# DATA EXCERPTS
(* Let $\mathcal{F}$ be a $\kappa$-complete filter over $\kappa$ which extends the club filter $\mathcal{D}_\kappa$. If $\mathrm{Gal}(\mathcal{F},\kappa^+,\kappa^{++})$ holds, then $\neg_{\mathrm{st}}\mathrm{Gal}(\mathcal{D}_{\kappa^+},\kappa^+,\kappa^{++})$ fails. In particular, $\mathrm{Gal}(\mathcal{F},\kappa^+,\kappa^+)$ entails the failure of $\neg_{\mathrm{st}}\mathrm{Gal}(\mathcal{D}_{\kappa^+},\kappa^+,\kappa^{++})$.
   Context: $\mathcal{D}_\theta$ is the club filter on $\theta$. $\mathrm{Gal}(\mathcal{F},\mu,\lambda)$: for every $\mathcal{C}\subseteq\mathcal{F}$ with $|\mathcal{C}|=\lambda$ there is $\mathcal{E}\subseteq\mathcal{C}$ with $|\mathcal{E}|=\mu$ and $\bigcap\mathcal{E}\in\mathcal{F}$. $\neg_{\mathrm{st}}\mathrm{Gal}(\mathcal{D}_{\kappa^+},\mu,\lambda)$: there is $\mathcal{C}\subseteq\mathcal{D}_{\kappa^+}$ with $|\mathcal{C}|=\lambda$ such that for every $\mathcal{E}\subseteq\mathcal{C}$ with $|\mathcal{E}|=\mu$, $|\bigcap\mathcal{E}|<\kappa$. *)

theory Defs
  imports Main
begin

text \<open>Cardinals are represented by cardinal orders (well-orders) as in the
BNF cardinal library of Main; the cardinal kappa is a relation r with
Card_order r, kappa^+ is cardSuc r, kappa^++ is cardSuc (cardSuc r).\<close>

definition is_lub :: "'a rel \<Rightarrow> 'a set \<Rightarrow> 'a \<Rightarrow> bool" where
  "is_lub w B a \<longleftrightarrow> a \<in> Field w \<and> (\<forall>b\<in>B. (b, a) \<in> w) \<and>
     (\<forall>a'\<in>Field w. (\<forall>b\<in>B. (b, a') \<in> w) \<longrightarrow> (a, a') \<in> w)"

definition closed_in_wo :: "'a rel \<Rightarrow> 'a set \<Rightarrow> bool" where
  "closed_in_wo w C \<longleftrightarrow> (\<forall>B a. B \<subseteq> C \<and> B \<noteq> {} \<and> is_lub w B a \<longrightarrow> a \<in> C)"

definition unbounded_in_wo :: "'a rel \<Rightarrow> 'a set \<Rightarrow> bool" where
  "unbounded_in_wo w C \<longleftrightarrow> (\<forall>a\<in>Field w. \<exists>c\<in>C. (a, c) \<in> w \<and> a \<noteq> c)"

definition club :: "'a rel \<Rightarrow> 'a set \<Rightarrow> bool" where
  "club w C \<longleftrightarrow> C \<subseteq> Field w \<and> closed_in_wo w C \<and> unbounded_in_wo w C"

definition club_filter :: "'a rel \<Rightarrow> 'a set set" where
  "club_filter w = {X. X \<subseteq> Field w \<and> (\<exists>C. club w C \<and> C \<subseteq> X)}"

definition filter_over :: "'a set \<Rightarrow> 'a set set \<Rightarrow> bool" where
  "filter_over S F \<longleftrightarrow> (\<forall>X\<in>F. X \<subseteq> S) \<and> S \<in> F \<and> {} \<notin> F \<and>
     (\<forall>X Y. X \<in> F \<and> X \<subseteq> Y \<and> Y \<subseteq> S \<longrightarrow> Y \<in> F) \<and>
     (\<forall>X Y. X \<in> F \<and> Y \<in> F \<longrightarrow> X \<inter> Y \<in> F)"
lemma orthogonal_comp_inter_ker_eq_0_iff:
  fixes C :: "real^'n^'p"
  assumes D: "subspace D"
  shows "orthogonal_comp D \<inter> ker_mat C = {0}
           \<longleftrightarrow> {d + w | d w. d \<in> D \<and> w \<in> range (\<lambda>v. transpose C *v v)} = UNIV"
    (is "_ \<longleftrightarrow> ?S = UNIV")
proof -
  have S: "subspace ?S"
    using D by (intro subspace_sums linear_subspace_image[OF matrix_vector_mul_linear subspace_UNIV])
  have "orthogonal_comp ?S = {0} \<longleftrightarrow> ?S = UNIV"
  proof
    assume "orthogonal_comp ?S = {0}"
    then have "orthogonal_comp (orthogonal_comp ?S) = UNIV"
      by simp
    then show "?S = UNIV"
      by (simp only: orthogonal_comp_self[OF S])
  qed simp
  then show ?thesis
    by (simp only: orthogonal_comp_sum_range_transpose[OF D])
qed

lemma detectable_imp_equilibria_separated:
  assumes "detectable_pos (mak_field A B) (out_map C)"
    and "x \<in> pos_orthant" "z \<in> pos_orthant" "rho x - rho z \<in> ker_mat C"
    and "mak_field A B x = 0" "mak_field A B z = 0"
  shows "x = z"
proof -
  have "pos_trajectory (mak_field A B) (\<lambda>t. x)" "pos_trajectory (mak_field A B) (\<lambda>t. z)"
    using assms(2,3,5,6) by (simp_all add: pos_trajectory_def)
  moreover have "out_map C x = out_map C z"
    using out_map_eq_iff[OF assms(2,3)] assms(4) by blast
  ultimately have "((\<lambda>t::real. norm (x - z)) \<longlongrightarrow> 0) at_top"
    using assms(1) unfolding detectable_pos_def by blast
  then show "x = z"
    by (simp add: tendsto_const_iff)
qed
(* Let $\mathcal{T}$ be a finite forest of binary decision trees over $\mathbb{R}^d$, $b\ge 0$ an integer, and $\mathcal{D}$ a finite nonempty multiset of labelled instances $(\vec{x},y)\in\mathbb{R}^d\times\{-1,+1\}$. Then $$FLB(A_b,\mathcal{D})\ \le\ ELB(A_b,\mathcal{D})\ \le\ Acc_{A_b}(\mathcal{D}),$$ i.e., both quantities defined below are lower bounds on the accuracy of $\mathcal{T}$ under the attacker $A_b$.
   Context: Decision trees: a tree is either a leaf $\lambda(\hat y)$, $\hat y\in\{-1,+1\}$, or an internal node $\sigma(f,v,t_l,t_r)$ (feature $f$, threshold $v\in\mathbb{R}$, subtrees $t_l,t_r$); input $\vec{x}$ goes to $t_l$ if $x_f\le v$, else to $t_r$; $t(\vec{x})$ is the label of the leaf reached, and the traversal path of $\vec{x}$ in $t$ is the sequence of internal nodes visited. Forest prediction: $\mathcal{T}(\vec{x})=+1$ if $\sum_{t\in\mathcal{T}}t(\vec{x})>0$, else $-1$. Attacker: $A_b(\vec{x})=\{\vec{x}'\in\mathbb{R}^d:\|\vec{x}-\vec{x}'\|_0\le b\}$. Accuracy under attack: let $E=\{(\vec{x},y)\in\mathcal{D}: y\,\mathcal{T}(\vec{x})<0\}$, $E'=\{(\vec{x},y)\in\mathcal{D}\setminus E:\exists\vec{x}'\in A_b(\vec{x}),\ y\,\mathcal{T}(\vec{x}')<0\}$, and $Acc_{A_b}(\mathcal{D})=\frac{|\mathcal{D}|-|E\cup E'|}{|\mathcal{D}|}$. Covering sets: for $(\vec{x},y)\in\mathcal{D}$, let $\omega(\vec{x},y)=|\{t\in\mathcal{T}:t(\vec{x})\neq y\}|$. For each feature $f$, let $S_f^+$ (resp. $S_f^-$) be the set of trees $t\in\mathcal{T}$ with $t(\vec{x})=y$ whose traversal path of $\vec{x}$ contains a node $\sigma(f,v,\cdot,\cdot)$ with $x_f\le v$ true (resp. false). Call a collection $S'$ of these sets admissible if $|S'|\le b$ and for no $f$ does $S'$ contain both $S_f^+$ and $S_f^-$. FLB: $\overline{S_{FLB}}(\vec{x},y)=\max_{S' \text{ admissible}}\sum_{S_i\in S'}|S_i|$ (equivalently, the sum of sizes of the $b$ largest sets chosen greedily by size, never taking both $S_f^+$ and $S_f^-$ for the same $f$). ELB: $\overline{S_{ELB}}(\vec{x},y)=\max_{S'\text{ admissible}}\big|\bigcup_{S_i\in S'}S_i\big|$. For $X\in\{FLB,ELB\}$ let $E_X=\{(\vec{x},y)\in\mathcal{D}\setminus E:\ \omega(\vec{x},y)+\overline{S_X}(\vec{x},y)\ge|\mathcal{T}|/2\}$ and $X(A_b,\mathcal{D})=\frac{|\mathcal{D}|-|E\cup E_X|}{|\mathcal{D}|}$. *)

theory Defs
  imports "HOL-Analysis.Analysis" "HOL-Library.Multiset"
begin

datatype 'd dtree = Leaf int | Node 'd real "'d dtree" "'d dtree"

fun leaves_ok :: "'d dtree \<Rightarrow> bool" where
  "leaves_ok (Leaf y) \<longleftrightarrow> y \<in> {-1, 1}"
| "leaves_ok (Node f v l r) \<longleftrightarrow> leaves_ok l \<and> leaves_ok r"

fun tree_pred :: "'d dtree \<Rightarrow> real^'d \<Rightarrow> int" where
  "tree_pred (Leaf y) x = y"
| "tree_pred (Node f v l r) x = (if x $ f \<le> v then tree_pred l x else tree_pred r x)"

fun tree_path :: "'d dtree \<Rightarrow> real^'d \<Rightarrow> ('d \<times> real) list" where
  "tree_path (Leaf y) x = []"
| "tree_path (Node f v l r) x =
     (f, v) # (if x $ f \<le> v then tree_path l x else tree_path r x)"

text \<open>A forest is a list of trees (duplicates allowed); trees are referred to by index.\<close>
definition forest_pred :: "'d dtree list \<Rightarrow> real^'d \<Rightarrow> int" where
  "forest_pred T x = (if (\<Sum>i<length T. tree_pred (T ! i) x) > 0 then 1 else -1)"

definition attacker :: "nat \<Rightarrow> real^'d \<Rightarrow> (real^'d) set" where
  "attacker b x = {x'. card {f. x $ f \<noteq> x' $ f} \<le> b}"

definition err_set :: "'d dtree list \<Rightarrow> ((real^'d) \<times> int) \<Rightarrow> bool" where
  "err_set T p = (snd p * forest_pred T (fst p) < 0)"

definition attack_set :: "'d dtree list \<Rightarrow> nat \<Rightarrow> ((real^'d) \<times> int) \<Rightarrow> bool" where
  "attack_set T b p = (\<not> err_set T p \<and>
      (\<exists>x'\<in>attacker b (fst p). snd p * forest_pred T x' < 0))"

definition acc_attack :: "'d dtree list \<Rightarrow> nat \<Rightarrow> ((real^'d) \<times> int) multiset \<Rightarrow> real" where
  "acc_attack T b D =
     (real (size D) - real (size (filter_mset (\<lambda>p. err_set T p \<or> attack_set T b p) D)))
       / real (size D)"

definition omega :: "'d dtree list \<Rightarrow> real^'d \<Rightarrow> int \<Rightarrow> nat" where
  "omega T x y = card {i. i < length T \<and> tree_pred (T ! i) x \<noteq> y}"

text \<open>Covering sets: cover_set T x y (f, True) = S_f^+, cover_set T x y (f, False) = S_f^-
  (as sets of tree indices).\<close>
definition cover_set :: "'d dtree list \<Rightarrow> real^'d \<Rightarrow> int \<Rightarrow> 'd \<times> bool \<Rightarrow> nat set" where
  "cover_set T x y k = {i. i < length T \<and> tree_pred (T ! i) x = y \<and>
      (\<exists>v. (fst k, v) \<in> set (tree_path (T ! i) x) \<and> (x $ fst k \<le> v) = snd k)}"

text \<open>Admissible collections, given by their index sets.\<close>
definition admissible :: "nat \<Rightarrow> ('d \<times> bool) set \<Rightarrow> bool" where
  "admissible b K = (card K \<le> b \<and> \<not> (\<exists>f. (f, True) \<in> K \<and> (f, False) \<in> K))"

definition S_FLB :: "'d::finite dtree list \<Rightarrow> nat \<Rightarrow> real^'d \<Rightarrow> int \<Rightarrow> nat" where
  "S_FLB T b x y = Max {\<Sum>k\<in>K. card (cover_set T x y k) | K. admissible b K}"

definition S_ELB :: "'d::finite dtree list \<Rightarrow> nat \<Rightarrow> real^'d \<Rightarrow> int \<Rightarrow> nat" where
  "S_ELB T b x y = Max {card (\<Union>k\<in>K. cover_set T x y k) | K. admissible b K}"

definition bound_acc ::
  "('d::finite dtree list \<Rightarrow> nat \<Rightarrow> real^'d \<Rightarrow> int \<Rightarrow> nat) \<Rightarrow>
   'd dtree list \<Rightarrow> nat \<Rightarrow> ((real^'d) \<times> int) multiset \<Rightarrow> real" where
  "bound_acc S T b D =
     (real (size D) - real (size (filter_mset (\<lambda>(x, y). err_set T (x, y) \<or>
        (\<not> err_set T (x, y) \<and>
         real (omega T x y) + real (S T b x y) \<ge> real (length T) / 2)) D)))
       / real (size D)"

definition FLB :: "'d::finite dtree list \<Rightarrow> nat \<Rightarrow> ((real^'d) \<times> int) multiset \<Rightarrow> real" where
  "FLB T b D = bound_acc S_FLB T b D"

definition ELB :: "'d::finite dtree list \<Rightarrow> nat \<Rightarrow> ((real^'d) \<times> int) multiset \<Rightarrow> real" where
  "ELB T b D = bound_acc S_ELB T b D"

end

theory Submission
  imports Defs
begin

text \<open>A tree can change its vote between \<open>x\<close> and an attacked point \<open>x'\<close> only if its
  path for \<open>x\<close> tests a perturbed feature \<open>f\<close>, and then it lies in the covering set of \<open>f\<close>
  oriented by the sign of \<open>x'\<^sub>f - x\<^sub>f\<close>. The at most \<open>b\<close> perturbed features, each with
  one orientation, form an admissible collection, so the trees wrong on \<open>x'\<close> number at most
  \<open>\<omega> + S\<^sub>E\<^sub>L\<^sub>B\<close>; a successful attack needs at least half the forest wrong. Since a union is
  no larger than the sum of its parts, \<open>S\<^sub>E\<^sub>L\<^sub>B \<le> S\<^sub>F\<^sub>L\<^sub>B\<close>, and both bounds follow by
  comparing which instances each criterion discards.\<close>

lemma leaves_ok_tree_pred: "leaves_ok t \<Longrightarrow> tree_pred t x \<in> {-1, 1}"
  by (induction t) auto

lemma tree_pred_differs_on_path:
  assumes "tree_pred t x \<noteq> tree_pred t x'"
  shows "\<exists>f v. (f, v) \<in> set (tree_path t x) \<and> (x $ f \<le> v) \<noteq> (x' $ f \<le> v)"
  using assms by (induction t) (auto split: if_splits)

lemma sum_signs_eq_agreements_minus_disagreements:
  fixes p :: "nat \<Rightarrow> int"
  assumes "\<And>i. i < n \<Longrightarrow> p i \<in> {-1, 1}" and "y \<in> {-1, 1}"
  shows "y * (\<Sum>i<n. p i) = int n - 2 * int (card {i. i < n \<and> p i \<noteq> y})"
  using assms(1)
proof (induction n)
  case 0
  then show ?case by simp
next
  case (Suc n)
  have split: "{i. i < Suc n \<and> p i \<noteq> y} = {i. i < n \<and> p i \<noteq> y} \<union> (if p n \<noteq> y then {n} else {})"
    by (auto simp: less_Suc_eq)
  have "p n \<in> {-1, 1}" using Suc.prems by simp
  then have "y * p n = (if p n \<noteq> y then -1 else 1)" using assms(2) by auto
  with Suc show ?case
    by (simp add: split distrib_left card_insert_if)
qed

lemma forest_pred_wrong_sum_nonpos:
  assumes "y \<in> {-1, 1}" and "y * forest_pred T x < 0"
  shows "y * (\<Sum>i<length T. tree_pred (T ! i) x) \<le> 0"
  using assms by (auto simp: forest_pred_def zero_less_mult_iff mult_less_0_iff split: if_splits)

lemma forest_wrong_half_trees_wrong:
  assumes "\<forall>t\<in>set T. leaves_ok t" and "y \<in> {-1, 1}" and "y * forest_pred T x < 0"
  shows "real (length T) / 2 \<le> real (card {i. i < length T \<and> tree_pred (T ! i) x \<noteq> y})"
proof -
  have "\<And>i. i < length T \<Longrightarrow> tree_pred (T ! i) x \<in> {-1, 1}"
    using assms(1) leaves_ok_tree_pred nth_mem by blast
  from sum_signs_eq_agreements_minus_disagreements[of "length T" "\<lambda>i. tree_pred (T ! i) x", OF this assms(2)]
    forest_pred_wrong_sum_nonpos[OF assms(2,3)]
  show ?thesis by linarith
qed

definition attack_directions :: "real^'d \<Rightarrow> real^'d \<Rightarrow> ('d \<times> bool) set" where
  "attack_directions x x' = (\<lambda>f. (f, x $ f < x' $ f)) ` {f. x $ f \<noteq> x' $ f}"

lemma admissible_attack_directions:
  assumes "x' \<in> attacker b x"
  shows "admissible b (attack_directions x x')"
proof -
  have "card (attack_directions x x') \<le> card {f. x $ f \<noteq> x' $ f}"
    unfolding attack_directions_def by (rule card_image_le) simp
  also have "\<dots> \<le> b" using assms unfolding attacker_def by simp
  finally show ?thesis unfolding admissible_def attack_directions_def by auto
qed

lemma flipped_tree_in_cover_set:
  assumes "i < length T" and "tree_pred (T ! i) x = y" and "tree_pred (T ! i) x' \<noteq> y"
  shows "i \<in> (\<Union>k\<in>attack_directions x x'. cover_set T x y k)"
proof -
  obtain f v where fv: "(f, v) \<in> set (tree_path (T ! i) x)" "(x $ f \<le> v) \<noteq> (x' $ f \<le> v)"
    using tree_pred_differs_on_path assms(2,3) by metis
  then have "(x $ f \<le> v) = (x $ f < x' $ f)" by auto
  with fv assms have "i \<in> cover_set T x y (f, x $ f < x' $ f)"
    unfolding cover_set_def by auto
  moreover have "(f, x $ f < x' $ f) \<in> attack_directions x x'"
    using fv(2) unfolding attack_directions_def by auto
  ultimately show ?thesis by blast
qed

lemma Max_admissible_ge:
  fixes g :: "('d::finite \<times> bool) set \<Rightarrow> nat"
  assumes "admissible b K"
  shows "g K \<le> Max {g K | K. admissible b K}"
  using assms by (intro Max_ge finite_image_set) auto

lemma S_ELB_le_S_FLB: "S_ELB T b x y \<le> S_FLB T b x y"
  unfolding S_ELB_def
proof (rule Max.boundedI)
  show "finite {card (\<Union>k\<in>K. cover_set T x y k) | K. admissible b K}"
    by (rule finite_image_set) simp
  have "admissible b {}"
    by (simp add: admissible_def)
  then show "{card (\<Union>k\<in>K. cover_set T x y k) | K. admissible b K} \<noteq> {}"
    by blast
next
  fix n
  assume "n \<in> {card (\<Union>k\<in>K. cover_set T x y k) | K. admissible b K}"
  then obtain K where n: "n = card (\<Union>k\<in>K. cover_set T x y k)" and K: "admissible b K"
    by blast
  have "card (\<Union>k\<in>K. cover_set T x y k) \<le> (\<Sum>k\<in>K. card (cover_set T x y k))"
    by (rule card_UN_le) simp
  also have "\<dots> \<le> S_FLB T b x y"
    unfolding S_FLB_def using K by (rule Max_admissible_ge)
  finally show "n \<le> S_FLB T b x y"
    unfolding n .
qed

lemma successful_attack_reaches_ELB_threshold:
  fixes T :: "'d::finite dtree list"
  assumes "\<forall>t\<in>set T. leaves_ok t" and "y \<in> {-1, 1}"
    and "x' \<in> attacker b x" and "y * forest_pred T x' < 0"
  shows "real (length T) / 2 \<le> real (omega T x y) + real (S_ELB T b x y)"
proof -
  let ?wrong = "\<lambda>z. {i. i < length T \<and> tree_pred (T ! i) z \<noteq> y}"
  let ?cover = "\<Union>k\<in>attack_directions x x'. cover_set T x y k"
  have "?wrong x' \<subseteq> ?wrong x \<union> ?cover"
    using flipped_tree_in_cover_set by blast
  then have "card (?wrong x') \<le> card (?wrong x \<union> ?cover)"
    by (intro card_mono) (auto simp: cover_set_def)
  also have "\<dots> \<le> omega T x y + card ?cover"
    unfolding omega_def by (rule card_Un_le)
  also have "card ?cover \<le> S_ELB T b x y"
    unfolding S_ELB_def using admissible_attack_directions[OF assms(3)] by (rule Max_admissible_ge)
  finally show ?thesis
    using forest_wrong_half_trees_wrong[OF assms(1,2,4)] by linarith
qed

lemma accuracy_antimono:
  assumes "\<And>p. p \<in># D \<Longrightarrow> P p \<Longrightarrow> Q p"
  shows "(real (size D) - real (size (filter_mset Q D))) / real (size D)
       \<le> (real (size D) - real (size (filter_mset P D))) / real (size D)"
proof -
  have "size (filter_mset P D) \<le> size (filter_mset Q D)"
    using assms by (intro size_mset_mono filter_mset_mono_strong) auto
  then show ?thesis by (intro divide_right_mono) auto
qed

lemma bound_acc_antimono:
  assumes "\<And>x y. S T b x y \<le> S' T b x y"
  shows "bound_acc S' T b D \<le> bound_acc S T b D"
  unfolding bound_acc_def
proof (rule accuracy_antimono, clarify)
  fix x y
  assume "real (length T) / 2 \<le> real (omega T x y) + real (S T b x y)"
  then show "real (length T) / 2 \<le> real (omega T x y) + real (S' T b x y)"
    using assms[of x y] by linarith
qed

lemma ELB_le_acc_attack:
  assumes "\<forall>t\<in>set T. leaves_ok t" and "\<forall>p\<in>#D. snd p \<in> {-1, 1}"
  shows "ELB T b D \<le> acc_attack T b D"
  unfolding ELB_def bound_acc_def acc_attack_def
proof (rule accuracy_antimono, clarify)
  fix x y
  assume "(x, y) \<in># D" and "attack_set T b (x, y)"
  then obtain x' where "x' \<in> attacker b x" "y * forest_pred T x' < 0" "y \<in> {-1, 1}"
    using assms(2) unfolding attack_set_def by auto
  then show "real (length T) / 2 \<le> real (omega T x y) + real (S_ELB T b x y)"
    using successful_attack_reaches_ELB_threshold assms(1) by blast
qed

theorem mainTheorem4:
  fixes T :: "'d::finite dtree list" and b :: nat and D :: "((real^'d) \<times> int) multiset"
  assumes "\<forall>t\<in>set T. leaves_ok t"
    and "D \<noteq> {#}"
    and "\<forall>p\<in>#D. snd p \<in> {-1, 1}"
  shows "FLB T b D \<le> ELB T b D \<and> ELB T b D \<le> acc_attack T b D"
  using bound_acc_antimono[of S_ELB T b S_FLB D, OF S_ELB_le_S_FLB] ELB_le_acc_attack[OF assms(1,3)]
  unfolding FLB_def ELB_def by blast

end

# EXERCISE DESCRIPTION
Bring together all lines in the records where the word "most" is found.

# RESULT OF THE EXERCISE
  oriented by the sign of \<open>x'\<^sub>f - x\<^sub>f\<close>. The at most \<open>b\<close> perturbed features, each with
  one orientation, form an admissible collection, so the trees wrong on \<open>x'\<close> number at most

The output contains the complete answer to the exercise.